- **WHAT YOU HAVE TO DO**
Each line below that contains "coequaliser" should be counted. Give only the total.

- **EXERCISE INPUT**

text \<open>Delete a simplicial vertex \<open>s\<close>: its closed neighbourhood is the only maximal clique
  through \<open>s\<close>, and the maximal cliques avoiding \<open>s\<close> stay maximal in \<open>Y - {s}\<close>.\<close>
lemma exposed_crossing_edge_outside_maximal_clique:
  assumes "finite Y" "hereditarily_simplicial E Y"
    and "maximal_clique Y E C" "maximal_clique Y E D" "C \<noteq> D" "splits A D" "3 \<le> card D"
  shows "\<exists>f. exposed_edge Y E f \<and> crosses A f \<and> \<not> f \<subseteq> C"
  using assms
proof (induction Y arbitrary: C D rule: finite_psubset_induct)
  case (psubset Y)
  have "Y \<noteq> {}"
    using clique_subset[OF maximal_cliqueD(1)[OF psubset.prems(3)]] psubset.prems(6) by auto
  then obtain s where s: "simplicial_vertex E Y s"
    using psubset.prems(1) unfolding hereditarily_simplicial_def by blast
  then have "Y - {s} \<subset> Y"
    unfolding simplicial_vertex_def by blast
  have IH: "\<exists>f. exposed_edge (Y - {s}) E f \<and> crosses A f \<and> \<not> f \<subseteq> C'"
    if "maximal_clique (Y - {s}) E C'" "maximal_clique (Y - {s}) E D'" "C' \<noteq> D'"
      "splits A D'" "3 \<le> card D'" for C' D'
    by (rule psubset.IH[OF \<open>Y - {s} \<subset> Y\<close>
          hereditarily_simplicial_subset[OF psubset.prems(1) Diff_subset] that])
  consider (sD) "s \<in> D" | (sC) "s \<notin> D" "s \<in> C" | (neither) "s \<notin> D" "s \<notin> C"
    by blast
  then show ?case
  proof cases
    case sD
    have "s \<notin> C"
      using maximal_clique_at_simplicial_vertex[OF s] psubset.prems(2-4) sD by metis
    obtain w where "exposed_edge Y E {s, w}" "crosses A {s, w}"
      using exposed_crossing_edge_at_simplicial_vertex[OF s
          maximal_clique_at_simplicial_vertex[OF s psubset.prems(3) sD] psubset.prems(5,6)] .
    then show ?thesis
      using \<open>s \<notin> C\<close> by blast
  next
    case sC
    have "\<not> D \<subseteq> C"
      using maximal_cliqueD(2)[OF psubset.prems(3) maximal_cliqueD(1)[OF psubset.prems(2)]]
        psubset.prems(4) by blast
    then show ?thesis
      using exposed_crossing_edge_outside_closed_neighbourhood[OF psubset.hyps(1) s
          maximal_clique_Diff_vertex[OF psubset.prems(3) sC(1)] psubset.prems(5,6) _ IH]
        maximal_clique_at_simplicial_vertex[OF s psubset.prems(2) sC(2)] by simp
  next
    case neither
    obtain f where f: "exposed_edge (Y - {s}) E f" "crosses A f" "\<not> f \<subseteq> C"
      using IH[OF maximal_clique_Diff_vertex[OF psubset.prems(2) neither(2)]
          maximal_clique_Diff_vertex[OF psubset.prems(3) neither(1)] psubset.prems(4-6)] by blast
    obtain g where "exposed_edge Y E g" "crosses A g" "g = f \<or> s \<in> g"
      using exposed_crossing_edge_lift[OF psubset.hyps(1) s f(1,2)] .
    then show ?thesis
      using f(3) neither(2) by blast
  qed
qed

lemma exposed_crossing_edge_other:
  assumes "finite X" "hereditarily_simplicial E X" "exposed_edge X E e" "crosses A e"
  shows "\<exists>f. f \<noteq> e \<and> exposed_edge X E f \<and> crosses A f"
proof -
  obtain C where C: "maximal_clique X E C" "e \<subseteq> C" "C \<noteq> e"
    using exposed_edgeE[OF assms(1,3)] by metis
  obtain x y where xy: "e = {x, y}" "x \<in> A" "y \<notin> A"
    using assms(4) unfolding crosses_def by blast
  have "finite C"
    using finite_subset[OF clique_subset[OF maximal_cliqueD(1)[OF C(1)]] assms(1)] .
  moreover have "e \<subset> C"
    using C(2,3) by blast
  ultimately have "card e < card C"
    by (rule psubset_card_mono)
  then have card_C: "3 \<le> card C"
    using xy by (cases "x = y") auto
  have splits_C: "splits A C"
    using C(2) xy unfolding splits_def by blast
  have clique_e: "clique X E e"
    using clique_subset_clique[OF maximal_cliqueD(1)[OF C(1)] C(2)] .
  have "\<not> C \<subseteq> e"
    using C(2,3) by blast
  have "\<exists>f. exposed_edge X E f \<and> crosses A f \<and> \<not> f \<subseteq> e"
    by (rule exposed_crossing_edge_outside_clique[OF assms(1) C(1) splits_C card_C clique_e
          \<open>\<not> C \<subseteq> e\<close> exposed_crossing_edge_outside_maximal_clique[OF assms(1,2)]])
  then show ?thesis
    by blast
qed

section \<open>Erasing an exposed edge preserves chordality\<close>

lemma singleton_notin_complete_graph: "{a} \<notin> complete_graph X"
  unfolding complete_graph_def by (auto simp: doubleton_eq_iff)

---

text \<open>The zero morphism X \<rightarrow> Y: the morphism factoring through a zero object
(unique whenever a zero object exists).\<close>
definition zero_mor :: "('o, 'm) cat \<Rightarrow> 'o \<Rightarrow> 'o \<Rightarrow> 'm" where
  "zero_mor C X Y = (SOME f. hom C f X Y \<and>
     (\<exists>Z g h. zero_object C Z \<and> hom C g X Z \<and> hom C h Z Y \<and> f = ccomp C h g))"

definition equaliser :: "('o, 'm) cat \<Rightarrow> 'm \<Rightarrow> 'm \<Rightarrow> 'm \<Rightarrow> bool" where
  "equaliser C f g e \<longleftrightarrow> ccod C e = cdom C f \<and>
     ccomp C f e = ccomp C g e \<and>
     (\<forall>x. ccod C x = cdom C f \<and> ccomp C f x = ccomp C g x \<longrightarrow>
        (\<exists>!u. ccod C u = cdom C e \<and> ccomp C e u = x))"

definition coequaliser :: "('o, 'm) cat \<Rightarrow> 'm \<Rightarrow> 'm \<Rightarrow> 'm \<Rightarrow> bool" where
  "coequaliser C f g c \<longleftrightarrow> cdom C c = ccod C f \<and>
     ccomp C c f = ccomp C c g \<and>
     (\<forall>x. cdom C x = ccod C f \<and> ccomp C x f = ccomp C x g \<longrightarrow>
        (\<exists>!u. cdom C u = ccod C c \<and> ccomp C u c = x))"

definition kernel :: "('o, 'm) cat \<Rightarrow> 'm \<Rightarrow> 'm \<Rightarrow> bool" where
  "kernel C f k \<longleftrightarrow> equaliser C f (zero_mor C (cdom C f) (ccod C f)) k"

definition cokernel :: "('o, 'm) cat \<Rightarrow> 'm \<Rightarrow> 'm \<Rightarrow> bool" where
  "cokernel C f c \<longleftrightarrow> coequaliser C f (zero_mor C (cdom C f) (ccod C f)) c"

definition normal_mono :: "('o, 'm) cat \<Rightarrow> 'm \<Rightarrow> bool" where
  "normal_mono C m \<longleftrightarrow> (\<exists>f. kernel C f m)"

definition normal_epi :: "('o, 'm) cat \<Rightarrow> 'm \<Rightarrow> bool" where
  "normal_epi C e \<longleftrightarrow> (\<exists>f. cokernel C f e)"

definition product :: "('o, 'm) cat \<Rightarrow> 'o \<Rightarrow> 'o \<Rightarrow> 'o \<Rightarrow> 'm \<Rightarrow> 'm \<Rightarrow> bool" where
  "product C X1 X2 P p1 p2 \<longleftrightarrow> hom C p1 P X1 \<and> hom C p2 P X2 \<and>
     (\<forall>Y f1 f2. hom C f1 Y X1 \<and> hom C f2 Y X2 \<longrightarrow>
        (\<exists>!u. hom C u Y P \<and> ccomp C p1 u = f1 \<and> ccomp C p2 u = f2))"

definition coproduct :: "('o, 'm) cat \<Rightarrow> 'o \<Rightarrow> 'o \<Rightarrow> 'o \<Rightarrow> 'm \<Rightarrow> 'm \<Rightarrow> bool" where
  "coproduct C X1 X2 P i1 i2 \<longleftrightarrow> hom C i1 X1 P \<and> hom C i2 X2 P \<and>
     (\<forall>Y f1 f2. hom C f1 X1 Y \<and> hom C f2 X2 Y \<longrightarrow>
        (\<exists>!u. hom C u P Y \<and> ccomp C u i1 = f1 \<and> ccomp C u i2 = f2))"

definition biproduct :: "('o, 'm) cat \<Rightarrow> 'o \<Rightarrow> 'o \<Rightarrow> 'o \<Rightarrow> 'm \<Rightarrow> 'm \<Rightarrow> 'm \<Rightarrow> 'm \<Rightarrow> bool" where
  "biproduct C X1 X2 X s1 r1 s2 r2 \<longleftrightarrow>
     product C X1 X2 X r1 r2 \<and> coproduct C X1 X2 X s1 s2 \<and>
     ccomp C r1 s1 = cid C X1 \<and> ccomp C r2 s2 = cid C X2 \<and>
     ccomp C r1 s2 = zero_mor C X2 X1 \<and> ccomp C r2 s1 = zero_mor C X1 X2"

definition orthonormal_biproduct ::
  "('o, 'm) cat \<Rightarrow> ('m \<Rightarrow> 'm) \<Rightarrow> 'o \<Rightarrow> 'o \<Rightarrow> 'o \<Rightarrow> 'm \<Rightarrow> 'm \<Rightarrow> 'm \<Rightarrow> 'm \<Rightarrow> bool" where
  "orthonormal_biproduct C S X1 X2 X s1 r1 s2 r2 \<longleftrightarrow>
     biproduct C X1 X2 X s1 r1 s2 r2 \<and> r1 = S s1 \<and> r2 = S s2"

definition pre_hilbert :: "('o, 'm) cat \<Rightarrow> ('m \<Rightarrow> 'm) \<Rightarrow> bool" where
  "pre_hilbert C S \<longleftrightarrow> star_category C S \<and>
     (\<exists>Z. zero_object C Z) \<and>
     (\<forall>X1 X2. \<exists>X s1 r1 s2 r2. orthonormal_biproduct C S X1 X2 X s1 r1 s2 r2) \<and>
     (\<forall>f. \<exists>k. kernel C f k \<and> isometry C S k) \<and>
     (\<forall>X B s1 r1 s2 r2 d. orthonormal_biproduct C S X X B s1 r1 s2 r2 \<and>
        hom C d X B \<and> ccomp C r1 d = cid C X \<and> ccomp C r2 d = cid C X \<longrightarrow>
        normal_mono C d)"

- **REPLY**
3